(PROBLEM REQUIREMENTS) Please retype every entry, keeping each one exactly as written.

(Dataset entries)
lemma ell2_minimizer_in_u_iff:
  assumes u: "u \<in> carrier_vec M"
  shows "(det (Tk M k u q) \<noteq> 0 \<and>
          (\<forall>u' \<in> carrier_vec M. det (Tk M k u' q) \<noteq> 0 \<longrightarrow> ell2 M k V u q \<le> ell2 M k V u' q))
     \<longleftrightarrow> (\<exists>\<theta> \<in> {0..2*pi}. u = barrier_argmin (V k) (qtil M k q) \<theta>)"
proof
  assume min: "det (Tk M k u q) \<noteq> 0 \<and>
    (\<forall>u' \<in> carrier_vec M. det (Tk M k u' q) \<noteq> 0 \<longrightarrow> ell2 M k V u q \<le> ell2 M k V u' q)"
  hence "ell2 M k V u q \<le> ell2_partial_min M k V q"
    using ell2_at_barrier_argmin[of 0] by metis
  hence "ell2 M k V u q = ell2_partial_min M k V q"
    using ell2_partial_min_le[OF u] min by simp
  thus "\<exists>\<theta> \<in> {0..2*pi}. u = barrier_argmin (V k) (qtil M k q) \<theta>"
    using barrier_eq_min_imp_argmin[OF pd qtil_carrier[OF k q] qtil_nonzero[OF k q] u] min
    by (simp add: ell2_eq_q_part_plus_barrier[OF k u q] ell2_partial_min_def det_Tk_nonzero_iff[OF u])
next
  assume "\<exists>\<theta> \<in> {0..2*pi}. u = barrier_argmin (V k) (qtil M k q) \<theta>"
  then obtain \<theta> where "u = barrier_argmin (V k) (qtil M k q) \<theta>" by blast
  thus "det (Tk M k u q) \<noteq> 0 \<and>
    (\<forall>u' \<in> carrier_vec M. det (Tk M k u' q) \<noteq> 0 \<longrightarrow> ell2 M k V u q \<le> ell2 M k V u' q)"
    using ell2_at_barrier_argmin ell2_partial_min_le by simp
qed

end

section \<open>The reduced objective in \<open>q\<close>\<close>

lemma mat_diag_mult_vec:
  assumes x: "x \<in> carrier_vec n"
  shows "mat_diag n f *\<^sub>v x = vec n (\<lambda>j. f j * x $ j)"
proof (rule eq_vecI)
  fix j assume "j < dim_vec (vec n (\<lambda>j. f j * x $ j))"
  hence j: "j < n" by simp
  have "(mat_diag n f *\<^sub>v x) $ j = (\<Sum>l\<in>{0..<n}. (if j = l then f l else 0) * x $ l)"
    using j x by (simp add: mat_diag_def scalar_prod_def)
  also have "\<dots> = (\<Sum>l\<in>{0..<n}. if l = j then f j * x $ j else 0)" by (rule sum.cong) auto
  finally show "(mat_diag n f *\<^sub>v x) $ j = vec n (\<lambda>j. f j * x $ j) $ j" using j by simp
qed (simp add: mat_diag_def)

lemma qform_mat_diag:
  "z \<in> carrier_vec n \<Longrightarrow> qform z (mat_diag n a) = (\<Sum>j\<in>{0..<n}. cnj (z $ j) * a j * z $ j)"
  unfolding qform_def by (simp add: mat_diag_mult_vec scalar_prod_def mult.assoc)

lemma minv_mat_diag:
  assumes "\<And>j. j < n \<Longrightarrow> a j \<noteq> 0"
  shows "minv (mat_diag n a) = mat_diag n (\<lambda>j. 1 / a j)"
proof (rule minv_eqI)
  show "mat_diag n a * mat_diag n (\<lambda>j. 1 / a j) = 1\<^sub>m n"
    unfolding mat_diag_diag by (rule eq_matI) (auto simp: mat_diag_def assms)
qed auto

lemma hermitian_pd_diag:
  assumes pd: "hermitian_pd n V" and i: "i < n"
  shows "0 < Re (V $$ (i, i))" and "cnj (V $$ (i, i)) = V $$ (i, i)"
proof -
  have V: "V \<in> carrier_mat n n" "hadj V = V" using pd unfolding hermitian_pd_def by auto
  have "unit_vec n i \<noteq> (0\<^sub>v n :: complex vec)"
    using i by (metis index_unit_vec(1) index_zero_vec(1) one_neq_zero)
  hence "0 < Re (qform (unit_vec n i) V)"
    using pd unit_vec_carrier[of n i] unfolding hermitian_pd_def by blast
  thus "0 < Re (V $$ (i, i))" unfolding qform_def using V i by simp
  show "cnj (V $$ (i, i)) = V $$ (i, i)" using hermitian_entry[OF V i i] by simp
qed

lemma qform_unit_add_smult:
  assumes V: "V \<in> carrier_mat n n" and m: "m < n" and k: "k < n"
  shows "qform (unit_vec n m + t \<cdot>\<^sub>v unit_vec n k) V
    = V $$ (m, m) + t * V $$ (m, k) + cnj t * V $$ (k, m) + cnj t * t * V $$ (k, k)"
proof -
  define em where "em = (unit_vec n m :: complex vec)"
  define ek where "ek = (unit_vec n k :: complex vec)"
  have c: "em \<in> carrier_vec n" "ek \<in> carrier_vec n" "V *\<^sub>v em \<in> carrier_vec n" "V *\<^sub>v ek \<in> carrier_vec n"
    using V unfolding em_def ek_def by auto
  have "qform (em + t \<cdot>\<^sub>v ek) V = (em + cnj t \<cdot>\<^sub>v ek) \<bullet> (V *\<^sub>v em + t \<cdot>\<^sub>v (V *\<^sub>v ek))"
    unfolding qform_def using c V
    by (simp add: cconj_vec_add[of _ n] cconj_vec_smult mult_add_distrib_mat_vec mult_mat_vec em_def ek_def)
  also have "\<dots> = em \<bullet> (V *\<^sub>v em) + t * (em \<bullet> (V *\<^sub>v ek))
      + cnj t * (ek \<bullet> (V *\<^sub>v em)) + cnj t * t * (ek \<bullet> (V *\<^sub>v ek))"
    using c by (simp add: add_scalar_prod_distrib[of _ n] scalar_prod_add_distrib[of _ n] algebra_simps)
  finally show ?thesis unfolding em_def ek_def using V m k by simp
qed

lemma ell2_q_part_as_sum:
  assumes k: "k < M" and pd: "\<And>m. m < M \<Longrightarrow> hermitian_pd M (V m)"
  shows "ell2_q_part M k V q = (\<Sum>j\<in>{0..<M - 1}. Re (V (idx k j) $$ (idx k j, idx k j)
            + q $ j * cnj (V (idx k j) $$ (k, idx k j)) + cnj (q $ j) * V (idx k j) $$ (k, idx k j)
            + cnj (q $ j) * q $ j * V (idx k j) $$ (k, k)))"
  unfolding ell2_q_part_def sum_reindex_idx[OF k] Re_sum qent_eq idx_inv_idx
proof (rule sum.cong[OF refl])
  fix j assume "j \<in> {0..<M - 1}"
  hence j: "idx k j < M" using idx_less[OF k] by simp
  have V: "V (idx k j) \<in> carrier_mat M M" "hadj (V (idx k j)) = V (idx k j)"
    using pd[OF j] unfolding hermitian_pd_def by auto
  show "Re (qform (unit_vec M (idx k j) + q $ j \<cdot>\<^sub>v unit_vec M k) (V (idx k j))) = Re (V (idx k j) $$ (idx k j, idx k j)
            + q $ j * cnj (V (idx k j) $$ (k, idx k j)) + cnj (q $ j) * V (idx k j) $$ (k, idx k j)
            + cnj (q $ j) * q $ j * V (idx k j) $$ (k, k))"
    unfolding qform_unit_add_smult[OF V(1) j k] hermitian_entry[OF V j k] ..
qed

(YOUR RESPONSE)
lemma ell2_minimizer_in_u_iff:
  assumes u: "u \<in> carrier_vec M"
  shows "(det (Tk M k u q) \<noteq> 0 \<and>
          (\<forall>u' \<in> carrier_vec M. det (Tk M k u' q) \<noteq> 0 \<longrightarrow> ell2 M k V u q \<le> ell2 M k V u' q))
     \<longleftrightarrow> (\<exists>\<theta> \<in> {0..2*pi}. u = barrier_argmin (V k) (qtil M k q) \<theta>)"
proof
  assume min: "det (Tk M k u q) \<noteq> 0 \<and>
    (\<forall>u' \<in> carrier_vec M. det (Tk M k u' q) \<noteq> 0 \<longrightarrow> ell2 M k V u q \<le> ell2 M k V u' q)"
  hence "ell2 M k V u q \<le> ell2_partial_min M k V q"
    using ell2_at_barrier_argmin[of 0] by metis
  hence "ell2 M k V u q = ell2_partial_min M k V q"
    using ell2_partial_min_le[OF u] min by simp
  thus "\<exists>\<theta> \<in> {0..2*pi}. u = barrier_argmin (V k) (qtil M k q) \<theta>"
    using barrier_eq_min_imp_argmin[OF pd qtil_carrier[OF k q] qtil_nonzero[OF k q] u] min
    by (simp add: ell2_eq_q_part_plus_barrier[OF k u q] ell2_partial_min_def det_Tk_nonzero_iff[OF u])
next
  assume "\<exists>\<theta> \<in> {0..2*pi}. u = barrier_argmin (V k) (qtil M k q) \<theta>"
  then obtain \<theta> where "u = barrier_argmin (V k) (qtil M k q) \<theta>" by blast
  thus "det (Tk M k u q) \<noteq> 0 \<and>
    (\<forall>u' \<in> carrier_vec M. det (Tk M k u' q) \<noteq> 0 \<longrightarrow> ell2 M k V u q \<le> ell2 M k V u' q)"
    using ell2_at_barrier_argmin ell2_partial_min_le by simp
qed

end

section \<open>The reduced objective in \<open>q\<close>\<close>

lemma mat_diag_mult_vec:
  assumes x: "x \<in> carrier_vec n"
  shows "mat_diag n f *\<^sub>v x = vec n (\<lambda>j. f j * x $ j)"
proof (rule eq_vecI)
  fix j assume "j < dim_vec (vec n (\<lambda>j. f j * x $ j))"
  hence j: "j < n" by simp
  have "(mat_diag n f *\<^sub>v x) $ j = (\<Sum>l\<in>{0..<n}. (if j = l then f l else 0) * x $ l)"
    using j x by (simp add: mat_diag_def scalar_prod_def)
  also have "\<dots> = (\<Sum>l\<in>{0..<n}. if l = j then f j * x $ j else 0)" by (rule sum.cong) auto
  finally show "(mat_diag n f *\<^sub>v x) $ j = vec n (\<lambda>j. f j * x $ j) $ j" using j by simp
qed (simp add: mat_diag_def)

lemma qform_mat_diag:
  "z \<in> carrier_vec n \<Longrightarrow> qform z (mat_diag n a) = (\<Sum>j\<in>{0..<n}. cnj (z $ j) * a j * z $ j)"
  unfolding qform_def by (simp add: mat_diag_mult_vec scalar_prod_def mult.assoc)

lemma minv_mat_diag:
  assumes "\<And>j. j < n \<Longrightarrow> a j \<noteq> 0"
  shows "minv (mat_diag n a) = mat_diag n (\<lambda>j. 1 / a j)"
proof (rule minv_eqI)
  show "mat_diag n a * mat_diag n (\<lambda>j. 1 / a j) = 1\<^sub>m n"
    unfolding mat_diag_diag by (rule eq_matI) (auto simp: mat_diag_def assms)
qed auto

lemma hermitian_pd_diag:
  assumes pd: "hermitian_pd n V" and i: "i < n"
  shows "0 < Re (V $$ (i, i))" and "cnj (V $$ (i, i)) = V $$ (i, i)"
proof -
  have V: "V \<in> carrier_mat n n" "hadj V = V" using pd unfolding hermitian_pd_def by auto
  have "unit_vec n i \<noteq> (0\<^sub>v n :: complex vec)"
    using i by (metis index_unit_vec(1) index_zero_vec(1) one_neq_zero)
  hence "0 < Re (qform (unit_vec n i) V)"
    using pd unit_vec_carrier[of n i] unfolding hermitian_pd_def by blast
  thus "0 < Re (V $$ (i, i))" unfolding qform_def using V i by simp
  show "cnj (V $$ (i, i)) = V $$ (i, i)" using hermitian_entry[OF V i i] by simp
qed

lemma qform_unit_add_smult:
  assumes V: "V \<in> carrier_mat n n" and m: "m < n" and k: "k < n"
  shows "qform (unit_vec n m + t \<cdot>\<^sub>v unit_vec n k) V
    = V $$ (m, m) + t * V $$ (m, k) + cnj t * V $$ (k, m) + cnj t * t * V $$ (k, k)"
proof -
  define em where "em = (unit_vec n m :: complex vec)"
  define ek where "ek = (unit_vec n k :: complex vec)"
  have c: "em \<in> carrier_vec n" "ek \<in> carrier_vec n" "V *\<^sub>v em \<in> carrier_vec n" "V *\<^sub>v ek \<in> carrier_vec n"
    using V unfolding em_def ek_def by auto
  have "qform (em + t \<cdot>\<^sub>v ek) V = (em + cnj t \<cdot>\<^sub>v ek) \<bullet> (V *\<^sub>v em + t \<cdot>\<^sub>v (V *\<^sub>v ek))"
    unfolding qform_def using c V
    by (simp add: cconj_vec_add[of _ n] cconj_vec_smult mult_add_distrib_mat_vec mult_mat_vec em_def ek_def)
  also have "\<dots> = em \<bullet> (V *\<^sub>v em) + t * (em \<bullet> (V *\<^sub>v ek))
      + cnj t * (ek \<bullet> (V *\<^sub>v em)) + cnj t * t * (ek \<bullet> (V *\<^sub>v ek))"
    using c by (simp add: add_scalar_prod_distrib[of _ n] scalar_prod_add_distrib[of _ n] algebra_simps)
  finally show ?thesis unfolding em_def ek_def using V m k by simp
qed

lemma ell2_q_part_as_sum:
  assumes k: "k < M" and pd: "\<And>m. m < M \<Longrightarrow> hermitian_pd M (V m)"
  shows "ell2_q_part M k V q = (\<Sum>j\<in>{0..<M - 1}. Re (V (idx k j) $$ (idx k j, idx k j)
            + q $ j * cnj (V (idx k j) $$ (k, idx k j)) + cnj (q $ j) * V (idx k j) $$ (k, idx k j)
            + cnj (q $ j) * q $ j * V (idx k j) $$ (k, k)))"
  unfolding ell2_q_part_def sum_reindex_idx[OF k] Re_sum qent_eq idx_inv_idx
proof (rule sum.cong[OF refl])
  fix j assume "j \<in> {0..<M - 1}"
  hence j: "idx k j < M" using idx_less[OF k] by simp
  have V: "V (idx k j) \<in> carrier_mat M M" "hadj (V (idx k j)) = V (idx k j)"
    using pd[OF j] unfolding hermitian_pd_def by auto
  show "Re (qform (unit_vec M (idx k j) + q $ j \<cdot>\<^sub>v unit_vec M k) (V (idx k j))) = Re (V (idx k j) $$ (idx k j, idx k j)
            + q $ j * cnj (V (idx k j) $$ (k, idx k j)) + cnj (q $ j) * V (idx k j) $$ (k, idx k j)
            + cnj (q $ j) * q $ j * V (idx k j) $$ (k, k))"
    unfolding qform_unit_add_smult[OF V(1) j k] hermitian_entry[OF V j k] ..
qed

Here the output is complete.